Crucial to the ownership rights of the tenements is that Portman controls registration transfer papers for the ground. Polaris wants Portman to give it the transfer papers and, if they have been lodged with the authorities, Portman to withdraw them before registration. 

Bungalbin's Banded Iron Formations have been intact for some 2.5 billion years and is the bread and butter for mid-tier miner Portman. 

What makes things even more interesting for both Portman and Polaris is that the WA Environmental Protection Authority has raised some serious issues in its May bulletin about Aboriginal heritage and the unique flora and fauna found at Bungalbin. 
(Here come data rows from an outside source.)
(* For every real $r\ge 0$, the sphere $S_r(\Delta_1)=\{Y\in\mathcal{GH}: d_{GH}(\Delta_1,Y)=r\}$ is path connected, i.e., any two of its elements can be joined by a continuous curve in $\mathcal{GH}$ whose image lies in $S_r(\Delta_1)$.
   Context: All metric spaces (with finite-valued metrics) are considered up to isometry. $\mathcal{GH}$ denotes the class (in the sense of von Neumann–Bernays–Gödel set theory) of representatives of isometry classes of all metric spaces. $d_{GH}$ is the Gromov–Hausdorff distance, with values in $[0,\infty]$: $d_{GH}(X,Y)$ is the infimum of $r$ such that there exist a metric space $Z$ and subsets $X',Y'\subset Z$ isometric to $X,Y$ with Hausdorff distance $d_H(X',Y')\le r$. Topology on the class: for each cardinal $n$, the subclass $\mathcal{GH}_n$ of spaces of cardinality at most $n$ is a set, endowed with the topology whose base consists of the open balls of $d_{GH}$. A map $f$ from a topological space $Z$ to $\mathcal{GH}$ is continuous if it is continuous as a map into $\mathcal{GH}_n$ for some (equivalently, every) cardinal $n$ with $f(Z)\subset\mathcal{GH}_n$. A continuous curve is a continuous map from a segment $[a,b]$. $\Delta_1$ is the single-point metric space. *)

theory Defs
  imports "HOL-Analysis.Analysis"
begin

definition nbhd :: "'a metric \<Rightarrow> 'a set \<Rightarrow> real \<Rightarrow> 'a set" where
  "nbhd Z A r = {z \<in> mspace Z. \<exists>a\<in>A. mdist Z z a < r}"

text \<open>Hausdorff distance (extended-real valued; infinite if no r works).\<close>
definition hausdorff_dist :: "'a metric \<Rightarrow> 'a set \<Rightarrow> 'a set \<Rightarrow> ereal" where
  "hausdorff_dist Z A B =
     Inf {ereal r | r. r > 0 \<and> A \<subseteq> nbhd Z B r \<and> B \<subseteq> nbhd Z A r}"

definition isom_embedding :: "('a \<Rightarrow> 'c) \<Rightarrow> 'a metric \<Rightarrow> 'c metric \<Rightarrow> bool" where
  "isom_embedding f X Z \<longleftrightarrow> f ` mspace X \<subseteq> mspace Z \<and>
     (\<forall>x\<in>mspace X. \<forall>y\<in>mspace X. mdist Z (f x) (f y) = mdist X x y)"

definition isometric :: "'a metric \<Rightarrow> 'b metric \<Rightarrow> bool" where
  "isometric X Y \<longleftrightarrow> (\<exists>f. bij_betw f (mspace X) (mspace Y) \<and>
     (\<forall>x\<in>mspace X. \<forall>y\<in>mspace X. mdist Y (f x) (f y) = mdist X x y))"

text \<open>Gromov--Hausdorff distance.  The ambient space Z is taken with carrier in the
  type 'a + 'b; this is no restriction, since X' \<union> Y' always fits there.\<close>
definition GH_dist :: "'a metric \<Rightarrow> 'b metric \<Rightarrow> ereal" where
  "GH_dist X Y = Inf {ereal r | r. \<exists>(Z :: ('a + 'b) metric) f g.
      isom_embedding f X Z \<and> isom_embedding g Y Z \<and>
      hausdorff_dist Z (f ` mspace X) (g ` mspace Y) \<le> ereal r}"

definition Delta1 :: "unit metric" where
  "Delta1 = metric ({()}, \<lambda>x y. 0)"

text \<open>Open GH-balls and the topology they generate on metric spaces carried by 'c
  (i.e. on GH_n for n = |'c|).\<close>
definition GH_ball :: "'c metric \<Rightarrow> real \<Rightarrow> 'c metric set" where
  "GH_ball C e = {Y. GH_dist C Y < ereal e}"

definition GH_top :: "'c metric topology" where
  "GH_top = topology_generated_by {GH_ball C e | C e. e > 0}"

end

theory Submission
  imports Defs
begin

text \<open>
  A correspondence of distortion at most \<open>2e\<close> between nonempty spaces glues them into one
  metric space at Hausdorff distance just above \<open>e\<close>, and conversely; hence
  \<open>d_GH(\<Delta>\<^sub>1, W) = r\<close> exactly when \<open>W\<close> is nonempty of diameter \<open>2r\<close>.
  For \<open>r > 0\<close> and \<open>X\<close>, \<open>Y\<close> of diameter \<open>2r\<close> with base points \<open>x\<^sub>0\<close>, \<open>y\<^sub>0\<close>, a path
  of metrics on \<open>X \<squnion> Y\<close> over \<open>t \<in> [0,3]\<close> first grows \<open>t\<cdot>Y\<close> next to \<open>X\<close> with cross
  distances \<open>max(|x x\<^sub>0|, t r)\<close>, then slides the cross distances from \<open>max(|x x\<^sub>0|, r)\<close>
  to \<open>max(|y y\<^sub>0|, r)\<close>, and finally shrinks \<open>X\<close> symmetrically.  At every time one factor
  is unscaled and no distance exceeds \<open>2r\<close>, so the diameter stays \<open>2r\<close>; all distances are
  \<open>2r\<close>-Lipschitz in \<open>t\<close>, so the identity correspondence shows that the path is
  \<open>r\<close>-Lipschitz for \<open>d_GH\<close>.  For \<open>r = 0\<close> both spaces are points.
\<close>

lemma mdist_self [simp]: "x \<in> mspace m \<Longrightarrow> mdist m x x = 0"
  by simp

lemma mdist_diff_le:
  assumes "p \<in> mspace Z" "p' \<in> mspace Z" "q \<in> mspace Z" "q' \<in> mspace Z"
  shows "\<bar>mdist Z p p' - mdist Z q q'\<bar> \<le> mdist Z p q + mdist Z p' q'"
proof -
  have "mdist Z p p' \<le> mdist Z p q + mdist Z q p'" "mdist Z q p' \<le> mdist Z q q' + mdist Z q' p'"
    "mdist Z q q' \<le> mdist Z q p + mdist Z p q'" "mdist Z p q' \<le> mdist Z p p' + mdist Z p' q'"
    using assms mdist_triangle by metis+
  then show ?thesis
    using mdist_commute[of Z q p] mdist_commute[of Z q' p'] unfolding abs_le_iff by linarith
qed

lemma singleton_metric [simp]:
  "mspace (metric ({p}, \<lambda>x y. 0)) = {p}" "mdist (metric ({p}, \<lambda>x y. 0)) = (\<lambda>x y. 0)"
proof -
  have "Metric_space {p} (\<lambda>x y. 0 :: real)" by unfold_locales auto
  then show "mspace (metric ({p}, \<lambda>x y. 0)) = {p}" "mdist (metric ({p}, \<lambda>x y. 0)) = (\<lambda>x y. 0)"
    by (simp_all add: Metric_space.mspace_metric Metric_space.mdist_metric)
qed

lemma isometric_singletons: "mspace X = {x} \<Longrightarrow> mspace Y = {y} \<Longrightarrow> isometric X Y"
  unfolding isometric_def by (intro exI[of _ "\<lambda>_. y"]) (simp add: bij_betw_def)


section \<open>Correspondences\<close>

definition correspondence :: "'p metric \<Rightarrow> 'q metric \<Rightarrow> ('p \<times> 'q) set \<Rightarrow> real \<Rightarrow> bool" where
  "correspondence A B R e \<longleftrightarrow> R \<subseteq> mspace A \<times> mspace B \<and>
     (\<forall>a\<in>mspace A. \<exists>b. (a, b) \<in> R) \<and> (\<forall>b\<in>mspace B. \<exists>a. (a, b) \<in> R) \<and>
     (\<forall>a b a' b'. (a, b) \<in> R \<longrightarrow> (a', b') \<in> R \<longrightarrow> \<bar>mdist A a a' - mdist B b b'\<bar> \<le> e)"

lemma correspondenceI:
  assumes "R \<subseteq> mspace A \<times> mspace B"
    and "\<And>a. a \<in> mspace A \<Longrightarrow> \<exists>b. (a, b) \<in> R" and "\<And>b. b \<in> mspace B \<Longrightarrow> \<exists>a. (a, b) \<in> R"
    and "\<And>a b a' b'. (a, b) \<in> R \<Longrightarrow> (a', b') \<in> R \<Longrightarrow> \<bar>mdist A a a' - mdist B b b'\<bar> \<le> e"
  shows "correspondence A B R e"
  using assms unfolding correspondence_def by blast

lemma correspondenceD:
  assumes "correspondence A B R e"
  shows "R \<subseteq> mspace A \<times> mspace B"
    and "a \<in> mspace A \<Longrightarrow> \<exists>b. (a, b) \<in> R" and "b \<in> mspace B \<Longrightarrow> \<exists>a. (a, b) \<in> R"
    and "(a, b) \<in> R \<Longrightarrow> (a', b') \<in> R \<Longrightarrow> \<bar>mdist A a a' - mdist B b b'\<bar> \<le> e"
  using assms unfolding correspondence_def by blast+

lemma correspondence_distortion_nonneg:
  assumes "correspondence A B R e" "mspace A \<noteq> {}"
  shows "0 \<le> e"
proof -
  obtain a b where "(a, b) \<in> R" "a \<in> mspace A" "b \<in> mspace B"
    using correspondenceD(1,2)[OF assms(1)] assms(2) by blast
  with correspondenceD(4)[OF assms(1), of a b a b] show ?thesis by simp
qed

lemma correspondence_Id_on: "0 \<le> e \<Longrightarrow> correspondence A A (Id_on (mspace A)) e"
  by (rule correspondenceI) auto

lemma correspondence_relcomp:
  assumes R: "correspondence A B R e" and S: "correspondence B C S f"
  shows "correspondence A C (R O S) (e + f)"
proof (rule correspondenceI)
  show "R O S \<subseteq> mspace A \<times> mspace C"
    using correspondenceD(1)[OF R] correspondenceD(1)[OF S] by blast
next
  fix a assume "a \<in> mspace A"
  then obtain b where "(a, b) \<in> R" using correspondenceD(2)[OF R] by blast
  moreover from this obtain c where "(b, c) \<in> S"
    using correspondenceD(1)[OF R] correspondenceD(2)[OF S] by blast
  ultimately show "\<exists>c. (a, c) \<in> R O S" by blast
next
  fix c assume "c \<in> mspace C"
  then obtain b where "(b, c) \<in> S" using correspondenceD(3)[OF S] by blast
  moreover from this obtain a where "(a, b) \<in> R"
    using correspondenceD(1)[OF S] correspondenceD(3)[OF R] by blast
  ultimately show "\<exists>a. (a, c) \<in> R O S" by blast
next
  fix a c a' c' assume "(a, c) \<in> R O S" "(a', c') \<in> R O S"
  then obtain b b' where "(a, b) \<in> R" "(b, c) \<in> S" "(a', b') \<in> R" "(b', c') \<in> S" by auto
  then have "\<bar>mdist A a a' - mdist B b b'\<bar> \<le> e" "\<bar>mdist B b b' - mdist C c c'\<bar> \<le> f"
    using correspondenceD(4)[OF R] correspondenceD(4)[OF S] by blast+
  then show "\<bar>mdist A a a' - mdist C c c'\<bar> \<le> e + f" by linarith
qed

text \<open>
  The glued space for a correspondence \<open>R\<close> of distortion \<open>2e\<close> and a height \<open>h > e\<close>: the cross
  distance is \<open>h\<close> plus the cheapest detour through a pair of \<open>R\<close>.
\<close>

locale correspondence_gluing =
  fixes A :: "'p metric" and B :: "'q metric" and R :: "('p \<times> 'q) set" and e h :: real
  assumes corr: "correspondence A B R (2 * e)" and nonempty: "mspace A \<noteq> {}" and height: "e < h"
begin

definition cross :: "'p \<Rightarrow> 'q \<Rightarrow> real" where
  "cross a b = h + Inf ((\<lambda>(a', b'). mdist A a a' + mdist B b' b) ` R)"

lemma R_subset: "(a, b) \<in> R \<Longrightarrow> a \<in> mspace A \<and> b \<in> mspace B"
  using correspondenceD(1)[OF corr] by blast

lemma distortion_A: "(a, b) \<in> R \<Longrightarrow> (a', b') \<in> R \<Longrightarrow> mdist A a a' \<le> mdist B b b' + 2 * e"
  using correspondenceD(4)[OF corr, of a b a' b'] unfolding abs_le_iff by linarith

lemma distortion_B: "(a, b) \<in> R \<Longrightarrow> (a', b') \<in> R \<Longrightarrow> mdist B b b' \<le> mdist A a a' + 2 * e"
  using correspondenceD(4)[OF corr, of a b a' b'] unfolding abs_le_iff by linarith

lemma e_nonneg: "0 \<le> e"
  using correspondence_distortion_nonneg[OF corr nonempty] by simp

lemma h_pos: "0 < h"
  using e_nonneg height by simp

lemma cross_le: "(a', b') \<in> R \<Longrightarrow> cross a b \<le> h + mdist A a a' + mdist B b' b"
  unfolding cross_def by (auto intro!: cInf_lower bdd_belowI[of _ 0])

lemma cross_ge:
  assumes "\<And>a' b'. (a', b') \<in> R \<Longrightarrow> c \<le> h + mdist A a a' + mdist B b' b"
  shows "c \<le> cross a b"
proof -
  have "R \<noteq> {}" using correspondenceD(2)[OF corr] nonempty by blast
  then have "c - h \<le> Inf ((\<lambda>(a', b'). mdist A a a' + mdist B b' b) ` R)"
    using assms by (intro cInf_greatest) fastforce+
  then show ?thesis unfolding cross_def by simp
qed

lemma height_le_cross: "h \<le> cross a b"
  by (rule cross_ge) (simp add: add_nonneg_nonneg)

lemma cross_triangle_A:
  assumes "a \<in> mspace A" "a1 \<in> mspace A"
  shows "cross a b \<le> mdist A a a1 + cross a1 b"
proof -
  have "cross a b - mdist A a a1 \<le> cross a1 b"
  proof (rule cross_ge)
    fix a' b' assume p: "(a', b') \<in> R"
    have "mdist A a a' \<le> mdist A a a1 + mdist A a1 a'" using assms R_subset[OF p] mdist_triangle by metis
    then show "cross a b - mdist A a a1 \<le> h + mdist A a1 a' + mdist B b' b"
      using cross_le[OF p, of a b] by linarith
  qed
  then show ?thesis by linarith
qed

lemma cross_triangle_B:
  assumes "b \<in> mspace B" "b1 \<in> mspace B"
  shows "cross a b \<le> cross a b1 + mdist B b1 b"
proof -
  have "cross a b - mdist B b1 b \<le> cross a b1"
  proof (rule cross_ge)
    fix a' b' assume p: "(a', b') \<in> R"
    have "mdist B b' b \<le> mdist B b' b1 + mdist B b1 b" using assms R_subset[OF p] mdist_triangle by metis
    then show "cross a b - mdist B b1 b \<le> h + mdist A a a' + mdist B b' b1"
      using cross_le[OF p, of a b] by linarith
  qed
  then show ?thesis by linarith
qed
“The Helena and Aurora Range, including Bungalbin Hill, represents the highest and largest example of hill (BIF) in the eastern Goldfields,” the EPA wrote in May, citing previous research by authors Newbey and Hnatiuk done in 1985. 

“Of key significance is the potential economic value of the area for tourism due to its relative close proximity to Perth, visually impressive BIF ranges and the presence of extensive intact woodland vistas that have been lost in most of the WA wheatbelt. The area also has high spiritual, cultural, scientific and geological significance.” 

It looks like there is a mountain of approvals that need to be considered before anyone can mine at Bungalbin. 

But be assured that Portman don't want to give up the ground without a fight and will be doing everything in its power to keep it, or get some compensation if the legal chips fall its way. That's despite it not having progressed the tenements much since the original Heads of Agreement was signed in 1999. 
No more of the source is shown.